Mesmo tendo um papel fundamental para o desenvolvimento das diversas comunidades e regiões do País, o cooperativismo de crédito possui uma participação tímida em relação ao Sistema Financeiro Nacional, hoje em torno de 3%. Realidade diferente encontramos em países desenvolvidos, como retrata o relatório anual da Associação Européia dos Bancos Cooperativos, cujo papel é fundamental e preponderante para todo o continente europeu, atingindo cerca de 130 milhões de clientes, 700 mil empregos, 60 mil agências e 17% dos depósitos financeiros, com destaques para a
França, HolandaEspanha e Alemanha. Nesta última, o ramo crédito encerra 2007 com 960 bilhões de euros de ativos e 9,34 bilhões de euros de capital aportado pelos 16,1 milhões de sócios nos seus 1.232 bancos cooperativos. Nos Estados Unidos  o desempenho do cooperativismo também impressiona pelos seus números, pois são mais de 85 milhões de associados, U$ 661 bilhões de ativos, U$ 423 bilhões de empréstimos e mais de U$ 570 bilhões em depósitos.

No Brasil, as cooperativas de crédito geraram em 2006 um diferencial de renda para os associados, levando em conta os juros mais baixos dos cartões de crédito, cheque especial e crédito pessoal, de R$ 154 milhões ao mês e, estima-se R$ 1,84 bilhões ao ano,
segundo dados do Banco Central. Recursos estes que propiciaram investimentos e consumo ao cooperado e como via de conseqüência mais impostos aos governos estaduais e federal.

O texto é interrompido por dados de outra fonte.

(* Let $\phi\in\mathcal{BF}$ and set $\beta:=-\omega_0^{\phi'}$. Assume that the L\'evy measure of $\phi$ has a density $\mu:(0,\infty)\to(0,\infty)$ such that $t\mapsto e^{\beta t}\mu(t)$ is non-increasing, and let $\phi_e$ be the extension of $\phi$ to $(-\beta,\infty)$. (i) There is a constant $c_1>0$ such that $\mu(t)\le -c_1 t^{-3}\phi_e''(t^{-1}-\beta)e^{-\beta t}$ for all $t>0$. (ii) If there exist constants $\theta>0$, $0\le\Lambda_1<\Lambda_2\le\infty$ and $\gamma>0$ such that \[ \frac{\phi_e''(\lambda x-\beta)}{\phi_e''(\lambda-\beta)}\le\theta x^{-\gamma}\quad\text{for all } x\ge1,\ \lambda\in(\Lambda_1,\Lambda_2), \] then there exist constants $c_2>0$ and $\delta\in(0,1)$ such that $\mu(t)\ge -c_2 t^{-3}\phi_e''(t^{-1}-\beta)e^{-\beta t}$ for all $t\in(\delta\Lambda_2^{-1},\delta\Lambda_1^{-1})$ (conventions $1/0=\infty$, $1/\infty=0$).
   Context: A function $\phi:(0,\infty)\to[0,\infty)$ is a Bernstein function, $\phi\in\mathcal{BF}$, if it is $C^\infty$ and $(-1)^{n-1}\phi^{(n)}(\lambda)\ge0$ for all $n\in\mathbb{N}$, $\lambda>0$. Every $\phi\in\mathcal{BF}$ has a unique representation $\phi(\lambda)=a+b\lambda+\int_{(0,\infty)}(1-e^{-\lambda t})\mu(dt)$ with $a,b\ge0$ and a measure $\mu$ on $(0,\infty)$ with $\int(1\wedge t)\mu(dt)<\infty$, called the L\'evy measure of $\phi$. Then $\phi'$ is completely monotone ($C^\infty$ with $(-1)^n(\phi')^{(n)}\ge0$). For a completely monotone $f$ with $f^{(n)}(0+):=\lim_{\lambda\to0+}f^{(n)}(\lambda)\in[-\infty,\infty]$: if all $f^{(n)}(0+)$ are finite, $\omega_0^f:=\inf\{\lambda\in\mathbb{R}:\sum_{n\ge0}\frac{f^{(n)}(0+)}{n!}\lambda^n\text{ converges}\}$, otherwise $\omega_0^f:=0$. With $\beta:=-\omega_0^{\phi'}\in[0,\infty]$, the extension $\phi_e:(-\beta,\infty)\to\mathbb{R}$ is $\phi_e=\phi$ on $(0,\infty)$ and, if $\beta>0$, $\phi_e(\lambda)=\sum_{n\ge0}\frac{\phi^{(n)}(0+)}{n!}\lambda^n$ for $\lambda\in(-\beta,0]$ (all $\phi^{(n)}(0+):=\lim_{\lambda\to0+}\phi^{(n)}(\lambda)$ are then finite); $\phi_e$ is $C^\infty$ on $(-\beta,\infty)$. *)

theory Defs
  imports "HOL-Analysis.Analysis"
begin

definition bernstein_function :: "(real \<Rightarrow> real) \<Rightarrow> bool" where
  "bernstein_function \<phi> \<longleftrightarrow>
     (\<forall>x>0. \<phi> x \<ge> 0) \<and>
     (\<forall>n. \<forall>x>0. ((deriv ^^ n) \<phi> has_real_derivative (deriv ^^ Suc n) \<phi> x) (at x)) \<and>
     (\<forall>n\<ge>1. \<forall>x>0. (-1) ^ (n - 1) * (deriv ^^ n) \<phi> x \<ge> 0)"

text \<open>The Levy measure of phi has density mu on (0,\<infinity>): Levy-Khintchine
  representation phi(l) = a + b l + int_(0,\<infinity>) (1 - e^(-l t)) mu(t) dt
  with a, b \<ge> 0, mu \<ge> 0 and int (1 \<and> t) mu(t) dt < \<infinity>.\<close>
definition levy_density :: "(real \<Rightarrow> real) \<Rightarrow> (real \<Rightarrow> real) \<Rightarrow> bool" where
  "levy_density \<phi> \<mu> \<longleftrightarrow>
     (\<forall>t>0. \<mu> t \<ge> 0) \<and>
     set_integrable lborel {0<..} (\<lambda>t. min 1 t * \<mu> t) \<and>
     (\<exists>a b. a \<ge> 0 \<and> b \<ge> 0 \<and>
        (\<forall>l>0. \<phi> l = a + b * l + (LINT t:{0<..}|lborel. (1 - exp (- l * t)) * \<mu> t)))"

definition deriv_at_0 :: "(real \<Rightarrow> real) \<Rightarrow> nat \<Rightarrow> real" where
  "deriv_at_0 f n = Lim (at_right 0) ((deriv ^^ n) f)"

definition all_derivs_finite_at_0 :: "(real \<Rightarrow> real) \<Rightarrow> bool" where
  "all_derivs_finite_at_0 f \<longleftrightarrow> (\<forall>n. \<exists>L. ((deriv ^^ n) f \<longlongrightarrow> L) (at_right 0))"

definition omega0 :: "(real \<Rightarrow> real) \<Rightarrow> ereal" where
  "omega0 f = (if all_derivs_finite_at_0 f
      then Inf (ereal ` {l. summable (\<lambda>n. deriv_at_0 f n / fact n * l ^ n)})
      else 0)"

text \<open>The extension phi_e of phi to (-beta,\<infinity>) (beta real); values for
  arguments \<le> -beta are irrelevant.\<close>
definition phi_ext :: "(real \<Rightarrow> real) \<Rightarrow> real \<Rightarrow> real \<Rightarrow> real" where
  "phi_ext \<phi> \<beta> l = (if l > 0 \<or> \<beta> \<le> 0 then \<phi> l
      else (\<Sum>n. deriv_at_0 \<phi> n / fact n * l ^ n))"

end

theory Submission
  imports Defs "HOL-Probability.Distributions"
begin

text \<open>By the L\'evy-Khintchine representation,
  \<open>\<phi>\<^sub>e(l) = a + b l + \<integral> (1 - e^(-l t)) \<mu>(t) dt\<close> on \<open>(-\<beta>, \<infinity>)\<close>. The Taylor
  coefficients of \<open>\<phi>'\<close> at \<open>0+\<close> dominate the Laplace moments of \<open>\<mu>\<close>, so convergence of that
  series up to \<open>-\<beta>\<close> makes \<open>\<integral> t e^(r t) \<mu>(t) dt\<close> finite for \<open>r < \<beta>\<close>, and the Taylor series
  of \<open>\<phi>\<close> then sums to the integral formula. Hence
  \<open>-\<phi>\<^sub>e''(l - \<beta>) = \<integral> s^2 e^(-l s) \<nu>(s) ds\<close> with \<open>\<nu>(s) = e^(\<beta> s) \<mu>(s)\<close> non-increasing.
  For \<open>l = 1/t\<close>, restricting this integral to \<open>(t/2, t]\<close> bounds it below by a multiple of
  \<open>t^3 \<nu>(t)\<close>, which is (i). For (ii), take \<open>l = \<delta>/t\<close> and split the integral at \<open>t\<close>: the
  part below \<open>t\<close> is at most \<open>e^((x - 1) \<delta>)\<close> times the integral at \<open>x l\<close>, which the ratio
  hypothesis makes a small fraction of the whole for large \<open>x\<close>, and the part above \<open>t\<close> is at
  most \<open>2 \<nu>(t) / l^3\<close>.\<close>

lemma difference_quotient_bound:
  fixes f g :: "real \<Rightarrow> real"
  assumes "h \<in> ball 0 \<eta>" "h \<noteq> 0"
    and deriv: "\<And>l. l \<in> ball l0 \<eta> \<Longrightarrow> (f has_real_derivative g l) (at l)"
    and bound: "\<And>l. l \<in> ball l0 \<eta> \<Longrightarrow> \<bar>g l\<bar> \<le> B"
  shows "\<bar>(f (l0 + h) - f l0) / h\<bar> \<le> B"
proof -
  have "norm (f (l0 + h) - f l0) \<le> B * norm ((l0 + h) - l0)"
  proof (rule field_differentiable_bound[of "ball l0 \<eta>" f g])
    show "(f has_field_derivative g z) (at z within ball l0 \<eta>)" if "z \<in> ball l0 \<eta>" for z
      using deriv[OF that] by (rule has_field_derivative_at_within)
    show "l0 \<in> ball l0 \<eta>" "l0 + h \<in> ball l0 \<eta>" using assms(1) by (auto simp: dist_norm)
  qed (use bound in auto)
  then show ?thesis using assms(2) by (simp add: divide_le_eq abs_divide)
qed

Neste mesmo ano começou a evidenciar-se uma tendência que justifica a reação dos bancos. Os percentuais de crescimento do cooperativismo de crédito superaram até mesmo os altos índices dos bancos comerciais, como nos mostram os
dados fornecidos pelo Banco Central.

  • nos ativos comerciais um percentual de crescimento de 29,58% para as cooperativas e 19,30% para os bancos;
  • nos depósitos totais, 29,22% para as cooperativas contra 14,53% para os bancos;
  • no patrimônio líquido, 20,62% contra 21,05%;
  • nas operações de crédito 21,27% contra 21,37% dos bancos;

Tendo acesso a estes dados começamos a compreender a agressiva luta dos diversos bancos em busca da compra das folhas de pagamento de prefeituras, hospitais, e ... cooperativas. É uma das máximas do mercado, se a concorrência está pondo em risco sua liderança, compre-a.

Neste sentido é importante que os dirigentes de cooperativas em geral, e das de Saúde em particular, estejam atentos a estas manobras que estão surgindo em alguns pontos do país por parte dos bancos, com ofertas tentadoras de compra das folha de pagamento dos cooperados. Como se diz comumente, "não existe almoço de graça", e fatalmente quem pagará a conta serão os cooperados, sob forma de juros mais altos, obrigatoriedade de adquirir produtos acoplados, tarifas e outros subterfúgios. São manobras diversionistas que buscam enfraquecer o Sistema Cooperativo de Crédito que está em lenta, mas segura ascensão com benefícios que retornam à comunidade.